Print out the full listing exactly as it reads.
----
lemma martingale_poly_boxplus_t_pairing_eq:
  assumes mu0: "mu 0 = 1" and mt: "\<And>t. 0 \<le> t \<Longrightarrow> moments (mut t) = boxplus_t delta0 mu t"
    and mart: "martingale_poly mut f" and s: "0 \<le> s" "s \<le> t"
  defines "A \<equiv> \<lambda>t. G_fps (boxplus_t delta0 mu t)"
  shows "poly_pairing (f t) (fps_shift 1 ((fps_inv (A s) oo A t) ^ Suc k)) = coeff (f s) k"
proof -
  have "moments (mut s) 0 = 1"
    using mt[OF s(1)] boxplus_t_cumulant_fps(1)[of delta0 mu, OF _ mu0] by (simp add: delta0_def)
  then show ?thesis
    using martingale_poly_coeff_eq[OF mart s, of k] mt[of s] mt[of t] s
    by (simp add: A_def phi_st_def G_fps_def)
qed

lemma martingale_poly_imp_D_op_delta0_eq_0:
  assumes mu0: "mu 0 = 1" and mt: "\<And>t. 0 \<le> t \<Longrightarrow> moments (mut t) = boxplus_t delta0 mu t"
    and f: "C1_poly f" and mart: "martingale_poly mut f" and s: "0 \<le> s"
  shows "D_op mu delta0 f s = 0"
proof (rule poly_eqI)
  fix k
  define A where "A = (\<lambda>t. G_fps (boxplus_t delta0 mu t))"
  define psi where "psi = (\<lambda>t. fps_shift 1 ((fps_inv (A s) oo A t) ^ Suc k))"
  define Sg where "Sg = fps_shift 1 (cumulant_fps mu) oo A s"
  have d0: "delta0 0 = 1" by (simp add: delta0_def)
  obtain N where N: "\<forall>t\<ge>0. degree (f t) \<le> N"
    using f by (auto simp: C1_poly_def)
  have "poly_pairing (f t) (psi t) = coeff (f s) k" if "t \<in> {s..}" for t
    using martingale_poly_boxplus_t_pairing_eq[OF mu0 mt mart s] that by (simp add: psi_def A_def)
  then have "((\<lambda>t. poly_pairing (f t) (psi t)) has_vector_derivative 0) (at s within {s..})"
    by (intro has_vector_derivative_transform[OF _ _ has_vector_derivative_const]) auto
  moreover have "((\<lambda>t. poly_pairing (f t) (psi t)) has_vector_derivative
      poly_pairing (f s) (of_nat (Suc k) * fps_X ^ Suc k * Sg) + poly_pairing (poly_dt f s) (psi s))
      (at s within {s..})"
  proof (rule has_vector_derivative_poly_pairing)
    show "has_fps_derivative_upto N psi (of_nat (Suc k) * fps_X ^ Suc k * Sg) s {s..}"
      unfolding psi_def Sg_def A_def
      by (rule shift_fps_inv_compose_power_has_fps_derivative[of delta0 mu, OF d0 mu0])
    show "((\<lambda>t. coeff (f t) n) has_vector_derivative coeff (poly_dt f s) n) (at s within {s..})" for n
      using s
      by (intro has_vector_derivative_within_subset[OF C1_poly_coeff_has_vector_derivative[OF f s]])
         auto
  qed (use N s poly_dt_of_degree_bound(2)[OF N s] in auto)
  ultimately have "0 = poly_pairing (f s) (of_nat (Suc k) * fps_X ^ Suc k * Sg)
                        + poly_pairing (poly_dt f s) (psi s)"
    using vector_derivative_unique_within[OF at_within_atLeast_neq_bot] by blast
  also have "psi s = fps_X ^ k"
    using fps_inv[of "A s"] boxplus_t_cumulant_fps(1)[of delta0 mu, OF d0 mu0]
    by (simp add: psi_def A_def del: power_Suc)
  also have "poly_pairing (poly_dt f s) (fps_X ^ k) = coeff (poly_dt f s) k"
    by (rule poly_pairing_fps_X_power)
  also have "poly_pairing (f s) (of_nat (Suc k) * fps_X ^ Suc k * Sg) =
      coeff (cumulant_term (free_cumulant mu) (boxplus_t delta0 mu s) (f s)) k"
    unfolding Sg_def A_def fps_shift_cumulant_fps[of mu, OF mu0]
    by (simp add: coeff_cumulant_term fps_of_nat[symmetric] poly_pairing_const_mult mult.assoc
        del: power_Suc)
  finally show "coeff (D_op mu delta0 f s) k = coeff 0 k"
    by (simp add: D_op_eq_cumulant_term)
qed

theorem lemma4p3:
  fixes \<mu> :: "real measure" and \<mu>t :: "real \<Rightarrow> real measure" and \<nu> :: "nat \<Rightarrow> complex"
  assumes "prob_space \<mu>" and "sets \<mu> = sets borel"
    and "\<forall>n. integrable \<mu> (\<lambda>x. x ^ n)"
    and "\<forall>t\<ge>0. prob_space (\<mu>t t) \<and> sets (\<mu>t t) = sets borel \<and> (\<forall>n. integrable (\<mu>t t) (\<lambda>x. x ^ n))"
    and "\<mu>t 1 = \<mu>"
    and "\<forall>t\<ge>0. \<forall>n\<ge>1. free_cumulant (moments (\<mu>t t)) n = complex_of_real t * free_cumulant (moments \<mu>) n"
    and "\<nu> 0 = 1"
  shows "(\<forall>f. C1_poly f \<longrightarrow> (\<forall>t\<ge>0.
            ((\<lambda>s. fun_app (boxplus_t \<nu> (moments \<mu>) s) (f s)) has_vector_derivative
               fun_app (boxplus_t \<nu> (moments \<mu>) t) (D_op (moments \<mu>) \<nu> f t)) (at t within {0..})))
       \<and> (\<forall>f. C1_poly f \<and> martingale_poly \<mu>t f \<longrightarrow> (\<forall>t\<ge>0. D_op (moments \<mu>) delta0 f t = 0))"
proof -
  have mu0: "moments \<mu> 0 = 1"
    using assms(1) by (rule moments_0)
  have "moments (\<mu>t t) = boxplus_t delta0 (moments \<mu>) t" if "0 \<le> t" for t
    using assms(4,6) that mu0
    by (intro boxplus_t_eqI[symmetric]) (auto simp: moments_0 free_cumulant_delta0 delta0_def)
  then show ?thesis
    using fun_app_boxplus_t_has_vector_derivative[of \<nu> "moments \<mu>", OF assms(7) mu0]
      martingale_poly_imp_D_op_delta0_eq_0[of "moments \<mu>" \<mu>t, OF mu0] by blast
qed

end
----
| EXERCISE SOLUTION |
lemma martingale_poly_boxplus_t_pairing_eq:
  assumes mu0: "mu 0 = 1" and mt: "\<And>t. 0 \<le> t \<Longrightarrow> moments (mut t) = boxplus_t delta0 mu t"
    and mart: "martingale_poly mut f" and s: "0 \<le> s" "s \<le> t"
  defines "A \<equiv> \<lambda>t. G_fps (boxplus_t delta0 mu t)"
  shows "poly_pairing (f t) (fps_shift 1 ((fps_inv (A s) oo A t) ^ Suc k)) = coeff (f s) k"
proof -
  have "moments (mut s) 0 = 1"
    using mt[OF s(1)] boxplus_t_cumulant_fps(1)[of delta0 mu, OF _ mu0] by (simp add: delta0_def)
  then show ?thesis
    using martingale_poly_coeff_eq[OF mart s, of k] mt[of s] mt[of t] s
    by (simp add: A_def phi_st_def G_fps_def)
qed

lemma martingale_poly_imp_D_op_delta0_eq_0:
  assumes mu0: "mu 0 = 1" and mt: "\<And>t. 0 \<le> t \<Longrightarrow> moments (mut t) = boxplus_t delta0 mu t"
    and f: "C1_poly f" and mart: "martingale_poly mut f" and s: "0 \<le> s"
  shows "D_op mu delta0 f s = 0"
proof (rule poly_eqI)
  fix k
  define A where "A = (\<lambda>t. G_fps (boxplus_t delta0 mu t))"
  define psi where "psi = (\<lambda>t. fps_shift 1 ((fps_inv (A s) oo A t) ^ Suc k))"
  define Sg where "Sg = fps_shift 1 (cumulant_fps mu) oo A s"
  have d0: "delta0 0 = 1" by (simp add: delta0_def)
  obtain N where N: "\<forall>t\<ge>0. degree (f t) \<le> N"
    using f by (auto simp: C1_poly_def)
  have "poly_pairing (f t) (psi t) = coeff (f s) k" if "t \<in> {s..}" for t
    using martingale_poly_boxplus_t_pairing_eq[OF mu0 mt mart s] that by (simp add: psi_def A_def)
  then have "((\<lambda>t. poly_pairing (f t) (psi t)) has_vector_derivative 0) (at s within {s..})"
    by (intro has_vector_derivative_transform[OF _ _ has_vector_derivative_const]) auto
  moreover have "((\<lambda>t. poly_pairing (f t) (psi t)) has_vector_derivative
      poly_pairing (f s) (of_nat (Suc k) * fps_X ^ Suc k * Sg) + poly_pairing (poly_dt f s) (psi s))
      (at s within {s..})"
  proof (rule has_vector_derivative_poly_pairing)
    show "has_fps_derivative_upto N psi (of_nat (Suc k) * fps_X ^ Suc k * Sg) s {s..}"
      unfolding psi_def Sg_def A_def
      by (rule shift_fps_inv_compose_power_has_fps_derivative[of delta0 mu, OF d0 mu0])
    show "((\<lambda>t. coeff (f t) n) has_vector_derivative coeff (poly_dt f s) n) (at s within {s..})" for n
      using s
      by (intro has_vector_derivative_within_subset[OF C1_poly_coeff_has_vector_derivative[OF f s]])
         auto
  qed (use N s poly_dt_of_degree_bound(2)[OF N s] in auto)
  ultimately have "0 = poly_pairing (f s) (of_nat (Suc k) * fps_X ^ Suc k * Sg)
                        + poly_pairing (poly_dt f s) (psi s)"
    using vector_derivative_unique_within[OF at_within_atLeast_neq_bot] by blast
  also have "psi s = fps_X ^ k"
    using fps_inv[of "A s"] boxplus_t_cumulant_fps(1)[of delta0 mu, OF d0 mu0]
    by (simp add: psi_def A_def del: power_Suc)
  also have "poly_pairing (poly_dt f s) (fps_X ^ k) = coeff (poly_dt f s) k"
    by (rule poly_pairing_fps_X_power)
  also have "poly_pairing (f s) (of_nat (Suc k) * fps_X ^ Suc k * Sg) =
      coeff (cumulant_term (free_cumulant mu) (boxplus_t delta0 mu s) (f s)) k"
    unfolding Sg_def A_def fps_shift_cumulant_fps[of mu, OF mu0]
    by (simp add: coeff_cumulant_term fps_of_nat[symmetric] poly_pairing_const_mult mult.assoc
        del: power_Suc)
  finally show "coeff (D_op mu delta0 f s) k = coeff 0 k"
    by (simp add: D_op_eq_cumulant_term)
qed

theorem lemma4p3:
  fixes \<mu> :: "real measure" and \<mu>t :: "real \<Rightarrow> real measure" and \<nu> :: "nat \<Rightarrow> complex"
  assumes "prob_space \<mu>" and "sets \<mu> = sets borel"
    and "\<forall>n. integrable \<mu> (\<lambda>x. x ^ n)"
    and "\<forall>t\<ge>0. prob_space (\<mu>t t) \<and> sets (\<mu>t t) = sets borel \<and> (\<forall>n. integrable (\<mu>t t) (\<lambda>x. x ^ n))"
    and "\<mu>t 1 = \<mu>"
    and "\<forall>t\<ge>0. \<forall>n\<ge>1. free_cumulant (moments (\<mu>t t)) n = complex_of_real t * free_cumulant (moments \<mu>) n"
    and "\<nu> 0 = 1"
  shows "(\<forall>f. C1_poly f \<longrightarrow> (\<forall>t\<ge>0.
            ((\<lambda>s. fun_app (boxplus_t \<nu> (moments \<mu>) s) (f s)) has_vector_derivative
               fun_app (boxplus_t \<nu> (moments \<mu>) t) (D_op (moments \<mu>) \<nu> f t)) (at t within {0..})))
       \<and> (\<forall>f. C1_poly f \<and> martingale_poly \<mu>t f \<longrightarrow> (\<forall>t\<ge>0. D_op (moments \<mu>) delta0 f t = 0))"
proof -
  have mu0: "moments \<mu> 0 = 1"
    using assms(1) by (rule moments_0)
  have "moments (\<mu>t t) = boxplus_t delta0 (moments \<mu>) t" if "0 \<le> t" for t
    using assms(4,6) that mu0
    by (intro boxplus_t_eqI[symmetric]) (auto simp: moments_0 free_cumulant_delta0 delta0_def)
  then show ?thesis
    using fun_app_boxplus_t_has_vector_derivative[of \<nu> "moments \<mu>", OF assms(7) mu0]
      martingale_poly_imp_D_op_delta0_eq_0[of "moments \<mu>" \<mu>t, OF mu0] by blast
qed

end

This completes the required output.